Hu also raises concerns about The Prioritised Enforcement Programme (PEP), formerly the Secure Communities Programme (S-COMM). This is a data-sharing programme between the Federal Bureau of Investigation (FBI), DHS and local law enforcement agencies that requires local agencies to run fingerprints taken from suspects against federal fingerprint databases (ibid: 1770). The programme has made errors. For example, inaccurate database screening results wrongfully targeted 5,880 US citizens for potential detention and deportation, leading critics to question the reliability of PEP/S-COMM’s algorithms and data. Furthermore, by using the biometric data of arrestees contained in the S-COMM databases the Immigration and Customs Enforcement (ICE) reportedly may have wrongly apprehended approximately 3,600 US citizens, due to faulty information feeding database screening protocols. As Hu points out, ‘error-prone’ databases and screening protocols ‘appear to facilitate the unlawful detention and deportation of US citizens’.

Hu argues that the big data systems underlying both E-Verify and S-COMM/PEP are causing harm by mistakenly targeting and assigning inferential guilt to individuals. Legally speaking, this kind of digitally generated suspicion is at odds with constitutional rights and there is a growing consensus, at least in the U.S, on the need for substantive and binding due process when it comes to big data governance.

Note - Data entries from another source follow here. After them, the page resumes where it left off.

lemma inversions_raise_at:
  assumes p: "\<pi> permutes {1..n}"
  shows "inversions n (raise_at i k \<pi>) \<le> inversions n \<pi> + k"
    and "inversions n \<pi> \<le> inversions n (raise_at i k \<pi>) + k"
proof -
  let ?v = "\<pi> i" and ?\<sigma> = "raise_at i k \<pi>"
  define B where "B = {b \<in> {1..n}. ?v < \<pi> b \<and> \<pi> b \<le> ?v + k}"
  have "card B \<le> card {?v<..?v + k}"
    unfolding B_def by (intro card_inj_on_le[OF permutes_inj_on[OF p]]) auto
  then have card_B: "card B \<le> k"
    by simp
  have changed: "a = i \<and> b \<in> B"
    if "a \<in> {1..n}" "b \<in> {1..n}" "\<pi> a < \<pi> b" "?\<sigma> b < ?\<sigma> a" for a b
    using move_up_inverted[of "\<pi> a" "\<pi> b" ?v k] that inj_eq[OF permutes_inj[OF p], of a i]
    by (auto simp: raise_at_def B_def)
  have fin_B: "finite B"
    by (simp add: B_def)
  have sub_\<sigma>: "inversion_set n ?\<sigma> \<subseteq> inversion_set n \<pi> \<union> Pair i ` B"
  proof clarify
    fix a b assume ab: "(a, b) \<in> inversion_set n ?\<sigma>" "(a, b) \<notin> Pair i ` B"
    then have "\<pi> a \<noteq> \<pi> b"
      by (auto simp: inversion_set_def inj_eq[OF permutes_inj[OF p]])
    then show "(a, b) \<in> inversion_set n \<pi>"
      using ab changed[of a b] by (auto simp: inversion_set_def)
  qed
  have sub_\<pi>: "inversion_set n \<pi> \<subseteq> inversion_set n ?\<sigma> \<union> (\<lambda>a. (a, i)) ` B"
  proof clarify
    fix a b assume ab: "(a, b) \<in> inversion_set n \<pi>" "(a, b) \<notin> (\<lambda>a. (a, i)) ` B"
    then have "?\<sigma> a \<noteq> ?\<sigma> b"
      by (auto simp: inversion_set_def raise_at_def inj_eq[OF permutes_inj[OF p]])
    then show "(a, b) \<in> inversion_set n ?\<sigma>"
      using ab changed[of b a] by (auto simp: inversion_set_def)
  qed
  have "inversions n ?\<sigma> \<le> card (inversion_set n \<pi> \<union> Pair i ` B)"
    unfolding inversions_eq_card using sub_\<sigma> fin_B by (intro card_mono) auto
  also have "\<dots> \<le> inversions n \<pi> + card (Pair i ` B)"
    unfolding inversions_eq_card by (rule card_Un_le)
  also have "\<dots> \<le> inversions n \<pi> + k"
    using card_image_le[OF fin_B, of "Pair i"] card_B by simp
  finally show "inversions n ?\<sigma> \<le> inversions n \<pi> + k" .
  have "inversions n \<pi> \<le> card (inversion_set n ?\<sigma> \<union> (\<lambda>a. (a, i)) ` B)"
    unfolding inversions_eq_card using sub_\<pi> fin_B by (intro card_mono) auto
  also have "\<dots> \<le> inversions n ?\<sigma> + card ((\<lambda>a. (a, i)) ` B)"
    unfolding inversions_eq_card by (rule card_Un_le)
  also have "\<dots> \<le> inversions n ?\<sigma> + k"
    using card_image_le[OF fin_B, of "\<lambda>a. (a, i)"] card_B by simp
  finally show "inversions n \<pi> \<le> inversions n ?\<sigma> + k" .
qed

In Australia, the Ombudsman and Senate launched investigations into the Government’s automated debt recovery system after numerous complaints of errors and unfair targeting of vulnerable people. The system uses data matching to determine if people have been overpaid their benefits. Onus was placed on those receiving letters to prove an error had been made.

Numerous accounts of errors were published in the press and calls for investigation were taken up by opposition politicians. One case involved a man who was repeatedly sent letters saying he owed the government repayment of $4,000. This turned out to be an error. The man, who suffers from depression and became suicidal, said he successfully convinced the government this was an error only to receive a similar letter a few months later. He again successfully proved this was an error. One of the ombudsman’s conclusions was that better project planning and risk management should have been done from the outset.

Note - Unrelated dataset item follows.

(* Let $(Q,P)$ be a weakly quasi-lattice ordered group and let $\Lambda$ be a $P$-graph with $\mathrm{FA}(\Lambda)\neq\emptyset$. Then the path groupoid $\mathcal{G}(\Lambda)$ and the boundary-path groupoid $\partial\mathcal{G}(\Lambda)$ are ample, second-countable and Hausdorff.
   Context: $(Q,P)$ weakly quasi-lattice ordered: $Q$ a discrete group, $P\subseteq Q$ a subsemigroup containing the identity $e$ with $P\cap P^{-1}=\{e\}$, and, with $p\le r$ meaning $pq=r$ for some $q\in P$, any two elements of $P$ with a common upper bound have a least common upper bound. A $P$-graph is a countable small category $\Lambda$ (identities $\Lambda^{(0)}$, range/source $r,s$) with a functor $d:\Lambda\to P$ with unique factorisation (if $d(\lambda)=pq$ then there are unique $\mu,\nu$ with $\lambda=\mu\nu$, $d(\mu)=p$, $d(\nu)=q$). Write $\Lambda^m=d^{-1}(m)$, $\lambda\Lambda=\{\lambda\mu: s(\lambda)=r(\mu)\}$, $\mu\preceq\lambda$ iff $\lambda\in\mu\Lambda$. $\mathrm{FA}(\Lambda)$ is the set of $\lambda$ such that for all $\mu\in\lambda\Lambda,\nu\in\Lambda$ there is finite $J\subseteq\Lambda$ with $\mu\Lambda\cap\nu\Lambda=\bigcup_{\kappa\in J}\kappa\Lambda$. A filter is a nonempty hereditary and directed subset of $\Lambda$ (w.r.t. $\preceq$); $\mathcal{F}(\Lambda)$ the filters, $\mathcal{U}(\Lambda)$ the maximal filters. $\mathcal{P}(\Lambda)$ has the product topology from $\{0,1\}^\Lambda$; subsets have subspace topology. Path space $\mathcal{X}(\Lambda)=\{x\in\mathcal{F}(\Lambda): x\cap\mathrm{FA}(\Lambda)\neq\emptyset\}$; boundary-path space $\partial\mathcal{X}(\Lambda)$ = closure of $\mathcal{U}(\Lambda)\cap\mathcal{X}(\Lambda)$ in $\mathcal{X}(\Lambda)$. For $x\in\mathcal{X}(\Lambda)$ and $m\in P$ with $x\cap\Lambda^m\neq\emptyset$ (write $x\in\mathrm{dom}(m)$), let $x(0,m)$ be the unique element of $x\cap\Lambda^m$ and $x\cdot m=\{\mu: x(0,m)\mu\in x\}\in\mathcal{X}(\Lambda)$. The path groupoid $\mathcal{G}(\Lambda)$ is the set of $(x,q,y)\in\mathcal{X}(\Lambda)\times Q\times\mathcal{X}(\Lambda)$ for which there are $m,n\in P$ with $q=mn^{-1}$, $x\in\mathrm{dom}(m)$, $y\in\mathrm{dom}(n)$, $x\cdot m=y\cdot n$; composable pairs are $((x,q,y),(y,r,z))$ with product $(x,qr,z)$, inverse $(x,q,y)^{-1}=(y,q^{-1},x)$; its topology has basis the sets $\{(x,mn^{-1},y)\in\mathcal{G}(\Lambda): x\in U, y\in V, x\cdot m=y\cdot n\}$ for $m,n\in P$ and $U,V\subseteq\mathcal{X}(\Lambda)$ open. The unit space is identified with $\mathcal{X}(\Lambda)$ via $x\mapsto(x,e,x)$. The boundary-path groupoid $\partial\mathcal{G}(\Lambda)$ is the reduction $\{g\in\mathcal{G}(\Lambda): r(g),s(g)\in\partial\mathcal{X}(\Lambda)\}$ with the subspace topology. A topological groupoid is étale if it is locally compact with locally compact Hausdorff unit space and the source map is a local homeomorphism; ample if moreover the unit space has a basis of compact open sets. *)

theory Defs
  imports "HOL-Analysis.Analysis"
begin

Cassandra Goldie, Chief Executive of the Australian Council of Social Service, was quoted in the Guardian as saying:

[R]obo-debt has issued thousands of debt notices in error to parents, people with disabilities, carers and those seeking paid work, resulting in people slapped with Centrelink debts they do not owe or debts higher than what they owe … It has been a devastating abuse of government power that has caused extensive harm, particularly among people who are the most vulnerable in our community.

Other examples of failure include attempts to automate welfare services in the U.S. Virginia Eubanks details the system failures that devastated the lives of many in Indiana, Florida and Texas at great cost to taxpayers. The automated system errors led to people losing access to their Medicaid, food stamps and benefits. The changes made to the system led to crisis, hospitalization and as Eubanks reports, death. These states cancelled their contracts and were then sued.


Data Errors – small data

Big data applications used by governments rely on combining multiple data sets. As noted by Logan and Ferguson, ‘small data (i.e. individual level discrete data points) … provides the building blocks for all data-driven systems’. The accuracy of big data applications will be affected by the accuracy of small data. We already know there are issues with government data, just two examples: 1) in the United States, in 2011 the Los Angeles Times reported that nearly 1500 people were unlawfully arrested in the previous five years due to invalid warrants and 2) in New York, a Legal Action Center study of rap sheet records ‘found that sixty-two percent contained at least one significant error and that thirty-two percent contained multiple errors’. [24]

 

Harms due to algorithm / machine bias

Research into predictive policing and predictive sentencing shows the potential to over-monitor and criminalize marginalized communities and the poor.[25]

Journalists working with ProPublica are investigating algorithmic injustice. Their article titled ‘Machine Bias’ in particular, has received a great deal of attention. Julia Angwin, Jeff Larson, Surya Mattu and Lauren Kirchner’s investigation was a response to concerns being raised by various communities about judicial processes of risk assessment. These processes of risk assessment involved computer programs that produce scores predicting the likelihood that people charged with crimes would commit future crimes. These scores are being integrated throughout the US criminal justice system and influencing decisions about bond amounts and sentencing. The ProPublica journalists looked at the risk scores assigned to 7,000 people and checked to see how many were charged with new crimes. They found that the scores were ‘remarkably unreliable in forecasting violent crime’. They found that only 61%, just over half, of those predicted to commit future crimes did. But the big issue is bias. They found that the system was much more likely to flag black defendants as future criminals, wrongly labelling them as future criminals at twice the rate as white defendants. White people were also wrongly labelled as low risk more often than black defendants. The challenge is that these risk scores and the algorithm that determines them is produced by a for profit company, so researchers were not able to interrogate the algorithm only the outcomes. ProPublica reports that the software is one of the most widely used tools in the country.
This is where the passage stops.